Block 2 Part 3 Flashcards
Perceptual redundancy
- information contained in audio or visual signal that can be removed without affecting recipients experience of signal
Compression level (coding efficiency
- this is how far you can compress a file
- there is a trade off between how far you can compress a file and keeping enough of the original signal
Permissible distortion
- once acquired a digital source representation, need to represent it using the smallest number of bits possible for permissible distortion
Coding source into fewest possible number of bits
- allows either lower bit rate (bandwidth) to be used for transmitting compressed data
- or transmission to be completed faster
Rate distortion (RD)
- in all source coding algorithms, relationship between compression level achieved and resulting distortion formalised by RD
- every source coding algorithm has RD
Pulse code modulation (PCM)
- digitising analogue signal normally done by PCM
- analogue signal first subjected to sampling to create pulse amplitude modulation (PAM) signal
- each sample assigned to one of finite number of possible discrete values in process called quantising
- resulting bitstream goes through further lossless encoding to minimise final bit rate
Aliasing
- means not enough samples taken so wave is just an alias of original
- still has same shape but more spread out
Analogue-to-digital converter (ADC)
- combined process of sampling and quantising usually performed by ADC
Quantisation noise (quantisation error)
- difference between original and digital signals
Differential pulse-code modulation (DPCM)

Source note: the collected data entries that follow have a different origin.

(* Let $U\subseteq V$, let $H=(U,E(U))$ be the induced subgraph with inherited weights, let $(L,R)$ be a partition of $V\setminus U$ into two (possibly empty) sets, and let $f\in\ell^2(V,w)$ satisfy $f(v)=0$ for $v\notin U$ and $\sum_{v\in U}w_H(v)f(v)^2>0$. Suppose that for every $t$ with $0<t\le\max_v|f(v)|$, $$\min\big(\gamma(L\cup L_f(t),R\cup R_f(t)),\ \gamma(L\cup R_f(t),R\cup L_f(t))\big)>\gamma(L,R).$$ Then $\sqrt{72\,\mathcal R^+_H(f)}\ge\mathcal R^+_G(f)$.
   Context: $G=(V,E,w)$ finite undirected, positive edge weights, $w(v)=\sum_{u\sim v}w(u,v)\ge1$. $E(U)$ is the set of edges with both endpoints in $U$; $w_H(v)=\sum_{u\in U,\{u,v\}\in E}w(u,v)$. $w(E(S))$ is the weight of edges inside $S$; $w(E(S,T))$ the weight of edges between disjoint $S,T$. For disjoint $L,R\subseteq V$, the uncutness is $\gamma(L,R)=w(E(L))+w(E(R))+w(E(L\cup R,V\setminus(L\cup R)))$. For $t>0$, $L_f(t)=\{v:f(v)\le-t\}$, $R_f(t)=\{v:f(v)\ge t\}$. $\mathcal R^+_G(f)=\sum_{\{u,v\}\in E}w(u,v)(f(u)+f(v))^2/\sum_{v\in V}w(v)f(v)^2$ and $\mathcal R^+_H(f)=\sum_{\{u,v\}\in E(U)}w(u,v)(f(u)+f(v))^2/\sum_{v\in U}w_H(v)f(v)^2$. *)

theory Defs
  imports Complex_Main
begin

definition wgraph :: "'a set \<Rightarrow> 'a set set \<Rightarrow> ('a set \<Rightarrow> real) \<Rightarrow> bool" where
  "wgraph V E w \<longleftrightarrow> finite V \<and>
     (\<forall>e\<in>E. \<exists>u v. u \<in> V \<and> v \<in> V \<and> u \<noteq> v \<and> e = {u, v}) \<and>
     (\<forall>e\<in>E. w e > 0)"

definition wdeg :: "'a set set \<Rightarrow> ('a set \<Rightarrow> real) \<Rightarrow> 'a \<Rightarrow> real" where
  "wdeg F w v = (\<Sum>e\<in>{e\<in>F. v \<in> e}. w e)"

definition edges_in :: "'a set set \<Rightarrow> 'a set \<Rightarrow> 'a set set" where
  "edges_in E S = {e\<in>E. e \<subseteq> S}"
text \<open>The flag st says whether the rule (struct) is available (st = True: full system;
  st = False: ordered fragment).\<close>

inductive ptyp :: "bool \<Rightarrow> ctx \<Rightarrow> tm \<Rightarrow> ty \<Rightarrow> bool" where
  t_var: "ptyp st [(x, A)] (Var x) A"
| t_struct: "st \<Longrightarrow> ptyp st \<Gamma> t A \<Longrightarrow> distinct (map fst \<Gamma>') \<Longrightarrow>
    mset \<Gamma>' = mset (map (\<lambda>(x, B). (f x, B)) \<Gamma>) \<Longrightarrow>
    ptyp st \<Gamma>' (psubst (\<lambda>z. if z \<in> fst ` set \<Gamma> then Var (f z) else Var z) t) A"
| t_new: "ptyp st [] New (TLolli TOne (TPlus TR TOne))"
| t_delete: "ptyp st [] Delete (TLolli TR TOne)"
| t_res: "ptyp st [] (Res n) TR"
| t_let: "ptyp st \<Delta> t A \<Longrightarrow> ptyp st (\<Gamma> @ [(x, A)]) u B \<Longrightarrow> distinct (map fst (\<Gamma> @ \<Delta>)) \<Longrightarrow>
    ptyp st (\<Gamma> @ \<Delta>) (Let (varpi A) (varpi B) x t u) B"
| t_pair: "isval v \<Longrightarrow> isval w \<Longrightarrow> ptyp st \<Gamma> v A \<Longrightarrow> ptyp st \<Delta> w B \<Longrightarrow>
    distinct (map fst (\<Gamma> @ \<Delta>)) \<Longrightarrow> ptyp st (\<Gamma> @ \<Delta>) (Pair v w) (TTensor A B)"
| t_dtens: "isval v \<Longrightarrow> ptyp st \<Delta> v (TTensor A B) \<Longrightarrow>
    ptyp st (\<Gamma> @ [(x, A), (y, B)] @ \<Gamma>') t C \<Longrightarrow> distinct (map fst (\<Gamma> @ \<Delta> @ \<Gamma>')) \<Longrightarrow>
    ptyp st (\<Gamma> @ \<Delta> @ \<Gamma>') (DTens (varpi C) v x y t) C"
| t_unit: "ptyp st [] Unit TOne"
| t_done: "isval v \<Longrightarrow> ptyp st \<Delta> v TOne \<Longrightarrow> ptyp st (\<Gamma> @ \<Gamma>') t A \<Longrightarrow>
    distinct (map fst (\<Gamma> @ \<Delta> @ \<Gamma>')) \<Longrightarrow>
    ptyp st (\<Gamma> @ \<Delta> @ \<Gamma>') (DOne (varpi A) v t) A"
| t_inj1: "isval v \<Longrightarrow> ptyp st \<Gamma> v A \<Longrightarrow> ptyp st \<Gamma> (Inj1 v) (TPlus A B)"
| t_inj2: "isval v \<Longrightarrow> ptyp st \<Gamma> v B \<Longrightarrow> ptyp st \<Gamma> (Inj2 v) (TPlus A B)"
| t_dsum: "isval v \<Longrightarrow> ptyp st \<Delta> v (TPlus A B) \<Longrightarrow>
    ptyp st (\<Gamma> @ [(x, A)] @ \<Gamma>') t C \<Longrightarrow> ptyp st (\<Gamma> @ [(y, B)] @ \<Gamma>') u C \<Longrightarrow>
    distinct (map fst (\<Gamma> @ \<Delta> @ \<Gamma>')) \<Longrightarrow>
    ptyp st (\<Gamma> @ \<Delta> @ \<Gamma>') (DSum (varpi C) v x t y u) C"
| t_lam: "ptyp st ((x, A) # \<Gamma>) t B \<Longrightarrow> ptyp st \<Gamma> (Lam x t) (TLolli A B)"
| t_app: "isval w \<Longrightarrow> isval v \<Longrightarrow> ptyp st \<Gamma> w A \<Longrightarrow> ptyp st \<Delta> v (TLolli A B) \<Longrightarrow>
    distinct (map fst (\<Gamma> @ \<Delta>)) \<Longrightarrow> ptyp st (\<Gamma> @ \<Delta>) (App (varpi B) v w) B"
| t_wth: "ptyp st \<Gamma> t A \<Longrightarrow> ptyp st \<Gamma> u B \<Longrightarrow> ptyp st \<Gamma> (Wth t u) (TWith A B)"
| t_prj1: "isval v \<Longrightarrow> ptyp st \<Gamma> v (TWith A1 A2) \<Longrightarrow> ptyp st \<Gamma> (Prj1 (varpi A1) v) A1"
| t_prj2: "isval v \<Longrightarrow> ptyp st \<Gamma> v (TWith A1 A2) \<Longrightarrow> ptyp st \<Gamma> (Prj2 (varpi A2) v) A2"

datatype frame =
    FArg pol tm
  | FPrj1 pol
  | FPrj2 pol
  | FLet pol var tm

type_synonym stack = "frame list"

text \<open>A command (t, s, l, e) stands for the machine command with term t, stack s,
  resource list l (the list of indices n of the r_n) and polarity e.\<close>
type_synonym cmd = "tm \<times> stack \<times> nat list \<times> pol"

inductive styp :: "bool \<Rightarrow> stack \<Rightarrow> ty \<Rightarrow> ty \<Rightarrow> bool" where
  s_empty: "styp st [] A A"
| s_arg: "styp st s B C \<Longrightarrow> e = varpi B \<Longrightarrow> isval v \<Longrightarrow> ptyp st [] v A \<Longrightarrow>
    styp st (FArg e v # s) (TLolli A B) C"
| s_let: "styp st s B C \<Longrightarrow> e = varpi B \<Longrightarrow> ptyp st [(x, A)] t B \<Longrightarrow>
    styp st (FLet e x t # s) A C"
| s_prj1: "styp st s A1 C \<Longrightarrow> e = varpi A1 \<Longrightarrow> styp st (FPrj1 e # s) (TWith A1 A2) C"
| s_prj2: "styp st s A2 C \<Longrightarrow> e = varpi A2 \<Longrightarrow> styp st (FPrj2 e # s) (TWith A1 A2) C"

- variant of PCM that also converts source analogue signal to digital representation
- able to achieve lower bit rate by including sample prediction in its coding
Advantages of DPCM over PCM
- successive samples not very different from each other
- encoder and decoder predict next sample will be same as current one
- transmitted difference value is then error in prediction
- difference values also known as prediction errors
MPEG-1
- mainly used for efficient storage of moving pictures for multimedia on CD-ROM
MPEG-2
- toolbox of optimised compression techniques for DTV systems to support both SD and HD picture resolutions
MPEG-4
- intended to provide high compression rates, allowing for transmission of moving pictures at bit rates below 64 kbit s-1
MPEG-7
- specifies way multimedia can be indexed, and thus searched for in variety of ways relating to specific medium
MPEG-21
- extends this notion further by including additional digital rights management (DRM) into MPEG systems
Objective of JPEG and MPEG coding
- removal of as much statistical and perceptual redundancy as possible, to achieve highest compression
- this achieved in two stages
- Spatial compression and Temporal compression
Spatial compression
exploits fact that in many real pictures considerable similarity (correlation) exists between neighbouring areas of image
Spatial compression - intra-frame compression
- each individual picture able to be compressed
- basis of JPEG image compression standard
Temporal compression
- exploits fact that in most sequences, very little changes between consecutive frames
Temporal compression - inter-frame compression
- high correlation between frames offers further lossy compression opportunities, by removing detail without loss of quality
JPEG coding
- de facto lossy compression standard for colour and greyscale images
though known as lossy it does have lossless mode
JPEG limitations
- no interactive functionality, cannot compress region of interest at different bit rate from remainder of image
- not optimised for either natural images or synthetic computer generated images
- poor compression of compound documents containing both images and text
- degraded performance in noisy channel conditions
JPEG2000
- low-bit rate image compression standard
- offers interactive, multi resolution and scalable functionality
- superior coding performance with fewer visually perceptible artefacts
JPEG2000 bitstream scalability
- image can change its representation to satisfy requirements of application or receiver
JPEG2000 discrete wavelet transform (DWT)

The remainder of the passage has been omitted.